First, we calculated performance on each individual measure for comprising the Star Ratings by rating group 1–5 stars. We then examined patterns of performance on the overall Star Ratings across hospital characteristics, including hospital size (small-sized as <100 beds, medium-sized with 100–399 beds, large-sized with >400 beds), profit status (non-profit, for-profit, public), geographic region (northeast, midwest, south, west), teaching status, rural designation (defined as critical access hospital, sole community provider or rural referral centre), membership in a system (defined as either multihospital systems with two or more hospitals owned or managed by a central organisation, or diversified single hospital systems where single, freestanding hospitals bring into membership three or more healthcare organizations),20 and the proportion of Medicare and Medicaid patients served at each hospital. We analysed hospitals in each star rating level (1, 2, 3, 4 and 5) and also in dichotomous groups (1–3 stars vs 4–5 stars) for ease of presentation. We then created multivariable logistic regression models to estimate the odds of a hospital receiving 4 or 5 Star Ratings according to their hospital characteristics. Models were first run including each variable separately, and then including all covariates in a single model. We repeated these analyses separately for 2016 and 2017 data. Additionally, we tested for interactions between proportion Medicaid and region as well as teaching status and region, to determine whether the impact of social and medical complexity might vary geographically. These interaction terms were significant so we conducted stratified analyses for each category. We performed sensitivity analyses in which models were weighted by the number of hospital admissions at each hospital. We also estimated statewide averages of hospital Star Ratings, weighted by the total number of admissions at a given hospital. We created maps to visually depict the weighted average overall hospital Star Rating for each state.

Finally, we calculated differences between each hospital’s 2016 and 2017 ranking and plotted these differences on a histogram. We then compared characteristics between hospitals that improved (Star Rating went up by one or more stars) to those that worsened (Star Rating went down by one or more stars) using χ2 tests.

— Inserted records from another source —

lemma pset_ida_quantale: "involutive_unital_quantale P"
  unfolding involutive_unital_quantale_def
proof (intro conjI ballI allI impI)
  show "complete_join_semilattice P"
    by (rule complete_join_semilatticeI[where r = "(\<subseteq>)"]) (auto simp: is_lub_def)
  show "kunit P \<in> kcar P"
    by (simp add: idM_in_L)
  fix A assume A: "A \<in> kcar P"
  show "kmult P (kunit P) A = A" "kmult P A (kunit P) = A"
    using A L_subset_Lin by (force simp: idM_compose compose_idM)+
  show "kstar P A \<in> kcar P"
    using A by (auto simp: adj_in_L)
  have "kstar P (kstar P A) = (\<lambda>a. adj M (adj M a)) ` A"
    by (simp add: image_image)
  also have "\<dots> = A"
    using A L_subset_Lin by (subst image_cong[where g = "\<lambda>a. a"]) (auto simp: adj_adj)
  finally show "kstar P (kstar P A) = A" .
  fix B assume B: "B \<in> kcar P"
  show "kmult P A B \<in> kcar P"
    using A B by (auto intro: compose_in_L)
  show "kstar P (kmult P A B) = kmult P (kstar P B) (kstar P A)"
    using A B by (simp only: adj_kmult pset_ida_simps(1,4) PowD)
  fix D assume "D \<in> kcar P"
  then show "kmult P (kmult P A B) D = kmult P A (kmult P B D)"
    using A B by (simp only: kmult_assoc pset_ida_simps(1) PowD)
next
  fix A S assume "A \<in> kcar P" "S \<subseteq> kcar P"
  show "kmult P A (kjoin P S) = kjoin P ((\<lambda>B. kmult P A B) ` S)"
    "kmult P (kjoin P S) A = kjoin P ((\<lambda>B. kmult P B A) ` S)"
    by auto
next
  fix S assume "S \<subseteq> kcar P"
  show "kstar P (kjoin P S) = kjoin P (kstar P ` S)"
    by auto
qed

lemma pset_ida_valued: "valued_quantale M P join_at_top (\<lambda>m. {pi_proj M m})"
proof unfold_locales
  fix A A' B assume "A \<in> kcar P" "B \<in> kcar P" "A' \<in> kcar P" "join_at_top B = join_at_top A'"
  then show "join_at_top (kmult P A B) = join_at_top (kmult P A A')"
    by (simp only: join_at_top_kmult pset_ida_simps(1) PowD)
next
  fix m B assume "m \<in> C" "B \<in> kcar P"
  then show "join_at_top (kmult P {pi_proj M m} B) = sasaki m (join_at_top B)"
    by (simp del: pset_ida_simps(3) add: join_at_top_kmult pi_proj_in_L join_at_top_in
        Join_singleton pi_proj_apply)
qed (simp_all add: pset_ida_quantale join_at_top_in pi_proj_in_L join_at_top_pi_proj adj_pi_proj
       join_at_top_Union)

All analyses were performed using Stata V.15. We considered statistical significance at a p value <0.05.

Results

Overall performance patterns

We identified 3429 hospitals that were assigned Star Ratings in both 2016 and 2017 and had available hospital characteristics. Among these hospitals, in 2016, 65 hospitals (2%) achieved 5 stars; 903 hospitals (26%) 4 stars; 1696 hospitals (49%) 3 stars; 658 hospitals (19%) 2 stars; and 107 hospitals (3%) 1 star. In 2017, 283 hospitals (8%, figure 1) achieved 5 stars; 1073 hospitals (31%) 4 stars; 1098 hospitals (32%) 3 stars; 723 hospitals (21%) 2 stars; and 252 hospitals (7%) 1 star. There was significant geographic variation across the USA: the weighted average overall Star Rating was higher in midwestern and western states, and lower in the northeastern states (online supplementary appendix figures 1a/b and tables A1/A2 .

Supplemental material

Figure 1

Distribution of Star Ratings by year.

Performance within each domain and on most measures differed across Star Rating categories (table 1). For example, 30-day mortality for patients with acute myocardial infarction was 13.6% in 1-star hospitals compared with 12.6% in 5-star hospitals (p for trend across groups<0.001), and the standardised infection ratio for central line-associated bloodstream infections was 1.07 in 1-star hospitals (indicating an infection rate 7% higher than expected) compared with 0.69 in 5-star hospitals (indicating an infection rate 31% lower than expected, p for trend across groups<0.001). However, there were a few measures for which performance did not differ meaningfully by Star Rating group, such as the standardised ratio of catheter-associated urinary tract infections, surgical-site infection following colectomy and C lostridium dif f icile infections. Aspirin for acute myocardial infarction, patients leaving the ED without being seen, patients with imaging within 45 min of suspected stroke presentation, early elective labour induction and receipt of appropriate radiation therapy for cancer metastatic to bone also did not differ significantly across Star Rating groups.

Table 1

Performance on measures and domains by Star Rating, 2018

Star Ratings by hospital characteristics

Although a higher proportion of hospitals overall received 4 or 5 stars in 2017, hospital structural characteristics associated with high performance were largely similar in 2016 and 2017. For example, 33% of small hospitals received 4 or 5 stars in 2016 compared with 26% of medium hospitals and 21% of large hospitals (OR for medium 0.78, p=0.02, and for large, 0.61, p=0.003, tables 2 and 3); 49% of small hospitals received 4 or 5 stars in 2017 compared with 35% of medium hospitals and 32% of large hospitals (OR for medium, 0.56, p<0.001; OR for large 0.50, p<0.001). Non-profit status (OR 1.37 in 2016, p=0.01; OR=1.59 in 2017, p<0.001, table 1), midwest region (OR 2.30 in 2016, p<0.001; OR 2.31 in 2016, p<0.001), west region (OR 1.30 in 2016, p=0.06; OR 1.69 in 2017, p<0.001), and system membership (OR 1.33 in 2016, p=0.003; OR 1.33 in 2017, p=0.001) were associated with higher odds of achieving a higher Star Rating. There was no statistically significant difference between urban and rural hospitals’ odds of achieving a high Star Rating. Patterns were similar when examining each star level independently (online supplementary appendix table A3) and when adding interaction terms for region with Medicaid quartile and teaching status (online supplementary appendix table A4).

Table 2

Characteristics of hospitals with top Star Ratings (4 or 5 stars), 2016 and 2017

Table 3

Characteristics of hospitals with worse versus better Star Ratings in 2017 compared with 2016

In terms of patient characteristics, hospitals with the most Medicaid patients were markedly less likely to receive 4 or 5 stars (OR for highest quartile of Medicaid patients=0.32 in 2016, p<0.001; OR 0.33 in 2017, p<0.001), and hospitals with the highest proportion of Medicare patients were somewhat less likely to receive 4 or 5 stars (OR for highest quartile of Medicare patients=0.68 in 2016, p=0.01; OR 0.61 in 2017, p<0.001).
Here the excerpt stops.